Italy was given a green light to aggressively deal with Ethiopia as per the pact of the scramble of Africa. Italians began marching into the central part of Ethiopia via the northern tip of Eritrea. Emperor Menelik who was informed in advance about the bellicose intent of Italy was busy in building a coalition from different parts of the country to repel and demolish Italy with patriotic zeal.

The fight between these two countries took place on 1 March 1896, at Adwa, the principal market town of the North of Ethiopia. Indeed on the battlefield, Italian troops were outnumbered. But they were armed with modern arsenals. While Ethiopians lacked most war attrition including logistics and trekked all the way to the battlefield barefoot, armed with traditional warfare materials, the valiant sons defeated and humiliated the invading troops. After fierce fighting, Ethiopians emerged victorious. In short, the enormous sentiment of courage and bravery that Ethiopian patriots were imbued with played a major role in terms of making General Barratries’ dream a nightmare. Adwa marked the official blast against white supremacy for the first time which had been casting a shadow on Africa’s nations.

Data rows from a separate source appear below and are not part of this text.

(* In the droplet setting, the scattering coefficient $\alpha:=\int_{D_m}W_m(x)\,dx$ satisfies, as $a\to0$, $$\alpha=-P^2a^{1-h}+\mathcal{O}(a),\qquad P^2:=\frac{-k_0\bigl(\langle1,\overline e_{n_0}\rangle_{L^2(B)}\bigr)^2}{\lambda^B_{n_0}c_{n_0}}\sim1.$$
   Context: $\Omega\subset\mathbb{R}^3$ is a bounded $C^2$ domain. $\phi(\cdot,y)$ is the Neumann function of the Laplacian: $\Delta\phi(\cdot,y)=-\delta_y$ in $\Omega$, $\partial_\nu\phi(\cdot,y)=0$ on $\partial\Omega$; $N^\phi_E(f)(x)=\int_E\phi(x,y)f(y)dy$ on $L^2(E)$ is self-adjoint, compact and positive. $B$ is a smooth bounded domain containing the origin with maximal radius 1, with eigen-pairs $(\lambda^B_n,\overline e_n)$ ($L^2(B)$-orthonormal) of $N^\phi_B$. $D_m=z_m+aB$, $0<a\ll1$, $\rho_1=\rho_0$ a constant, $k_1=k_0a^2$ with $k_0>0$; eigenvalues of $N^\phi_{D_m}$ are $\lambda_n=a^2\lambda^B_n$ with eigenfunctions $e_n$, $\langle1,e_{n}\rangle_{L^2(D_m)}=a^{3/2}\langle1,\overline e_{n}\rangle_{L^2(B)}$. Fix $0<h<1$ and $n_0$. The frequency $\omega$ is chosen such that $k_1-\omega^2\rho_1\lambda_{n_0}=c_{n_0}a^{2+h}$ with a constant $c_{n_0}<0$ independent of $a$ (equivalently $\omega^2=(k_1-c_{n_0}a^{2+h})/(\rho_1\lambda_{n_0})$), and $|k_1-\omega^2\rho_1\lambda_n|\gtrsim a^2$ for $n\ne n_0$. $W_m$ solves $\frac{k_1}{\omega^2\rho_1}W_m-N^\phi_{D_m}(W_m)=1$ in $D_m$. *)

theory Defs
  imports "HOL-Analysis.Analysis" "HOL-Library.Landau_Symbols"
begin

type_synonym pt = "real ^ 3"

definition sq_int :: "pt set \<Rightarrow> (pt \<Rightarrow> real) \<Rightarrow> bool" where
  "sq_int D f \<longleftrightarrow> f \<in> borel_measurable lborel \<and> set_integrable lborel D (\<lambda>x. (f x)\<^sup>2)"
lemma subsolution_le_supersolution:
  assumes r: "periodic_grid N r" "\<And>a b c. r a b c > 0"
    and s: "periodic_grid N s" "\<And>a b c. s a b c > 0"
    and sub: "\<And>i j k. in_grid N i j k \<Longrightarrow> resid r i j k \<le> 0"
    and super: "\<And>i j k. in_grid N i j k \<Longrightarrow> resid s i j k \<ge> 0"
  shows "r i j k \<le> s i j k"
proof (rule ccontr)
  assume "\<not> r i j k \<le> s i j k"
  let ?d = "\<lambda>a b c. chem_pot r a b c - chem_pot s a b c"
  have "periodic_grid N ?d"
    using chem_pot_periodic[OF r(1)] chem_pot_periodic[OF s(1)] by (rule periodic_grid_map2)
  then obtain i0 j0 k0 where g0: "in_grid N i0 j0 k0" and max: "\<And>a b c. ?d a b c \<le> ?d i0 j0 k0"
    using periodic_grid_attains_max[OF N] by blast
  have "0 < ?d i j k"
    using pot_strict_mono[OF s(2)[of i j k] _ rho_pos[of i j k]] \<open>\<not> r i j k \<le> s i j k\<close>
    by (simp add: chem_pot_def)
  then have "s i0 j0 k0 < r i0 j0 k0"
    using max[of i j k] pot_mono[OF r(2)[of i0 j0 k0] _ rho_pos[of i0 j0 k0]] unfolding chem_pot_def
    by (smt (verit))
  then have "(s i0 j0 k0 - rho i0 j0 k0) / dt < (r i0 j0 k0 - rho i0 j0 k0) / dt"
    using dt by (simp add: divide_strict_right_mono)
  moreover have "lattice_lap m ?d i0 j0 k0 \<le> 0"
    using max by (rule lattice_lap_nonpos_at_max[OF m_pos])
  then have "(real N)\<^sup>2 * lattice_lap m (chem_pot r) i0 j0 k0
      \<le> (real N)\<^sup>2 * lattice_lap m (chem_pot s) i0 j0 k0"
    using lattice_lap_diff[of m "chem_pot r" i0 j0 k0 "chem_pot s"] by (intro mult_left_mono) auto
  ultimately have "resid s i0 j0 k0 < resid r i0 j0 k0"
    unfolding resid_def by simp
  then show False
    using sub[OF g0] super[OF g0] by simp
qed

text \<open>The grid on which the chemical potential is the constant \<open>z\<close>; it is a subsolution or a
  supersolution according as \<open>z\<close> lies below or above \<open>F'(\<rho>) = ln \<rho> + 1 + C\<close> everywhere.\<close>
definition level_grid :: "real \<Rightarrow> grid" where
  "level_grid z i j k = (SOME t. t > 0 \<and> pot (rho i j k) t = z)"

lemma level_grid_pos: "level_grid z i j k > 0"
  and pot_level_grid: "pot (rho i j k) (level_grid z i j k) = z"
  using someI_ex[OF pot_surj[OF rho_pos[of i j k], of z]] by (simp_all add: level_grid_def)

lemma level_grid_periodic: "periodic_grid N (level_grid z)"
  unfolding level_grid_def[abs_def] by (rule periodic_grid_map[OF rho_periodic])

lemma resid_level_grid: "resid (level_grid z) i j k = (level_grid z i j k - rho i j k) / dt"
proof -
  have "chem_pot (level_grid z) = (\<lambda>a b c. z)"
    by (simp add: chem_pot_def pot_level_grid fun_eq_iff)
  then show ?thesis
    by (simp add: resid_def lattice_lap_const)
qed

lemma level_grid_le_rho_iff: "level_grid z i j k \<le> rho i j k \<longleftrightarrow> z \<le> ln (rho i j k) + 1 + C"
proof -
  have "pot (rho i j k) (level_grid z i j k) \<le> pot (rho i j k) (rho i j k)
          \<longleftrightarrow> level_grid z i j k \<le> rho i j k"
    by (rule pot_le_iff[OF level_grid_pos rho_pos rho_pos])
  then show ?thesis
    by (simp add: pot_level_grid pot_self)
qed

lemma rho_le_level_grid_iff: "rho i j k \<le> level_grid z i j k \<longleftrightarrow> ln (rho i j k) + 1 + C \<le> z"
proof -
  have "pot (rho i j k) (rho i j k) \<le> pot (rho i j k) (level_grid z i j k)
          \<longleftrightarrow> rho i j k \<le> level_grid z i j k"
    by (rule pot_le_iff[OF rho_pos level_grid_pos rho_pos])
  then show ?thesis
    by (simp add: pot_level_grid pot_self)
qed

Raymond Jonas an author of the book entitled the “Battle of Adwa” vividly depicts the showdown of Adwa as an outcome that turned upside down –how the battle was a hit on the side of Ethiopia.

George F.H. Barkeley, the pro-Italy British historian says that “From the broader stand point of politics and history, it seems possible that the battle of Adwa heralded the rise of a new power in Africa- we are reminded that the natives of that continent may yet become a military factor worthy of our closest attention. The suggestion has even been made- absurd as it appears at present – that this is the first revolt of the Dark Continent against domineering Europe.”

The renowned prolific writer and story teller of Ethiopia, Prof Bahru Zewde quotes the above Barkeley’s statement in his gripping book entitled The Modern Ethiopian History.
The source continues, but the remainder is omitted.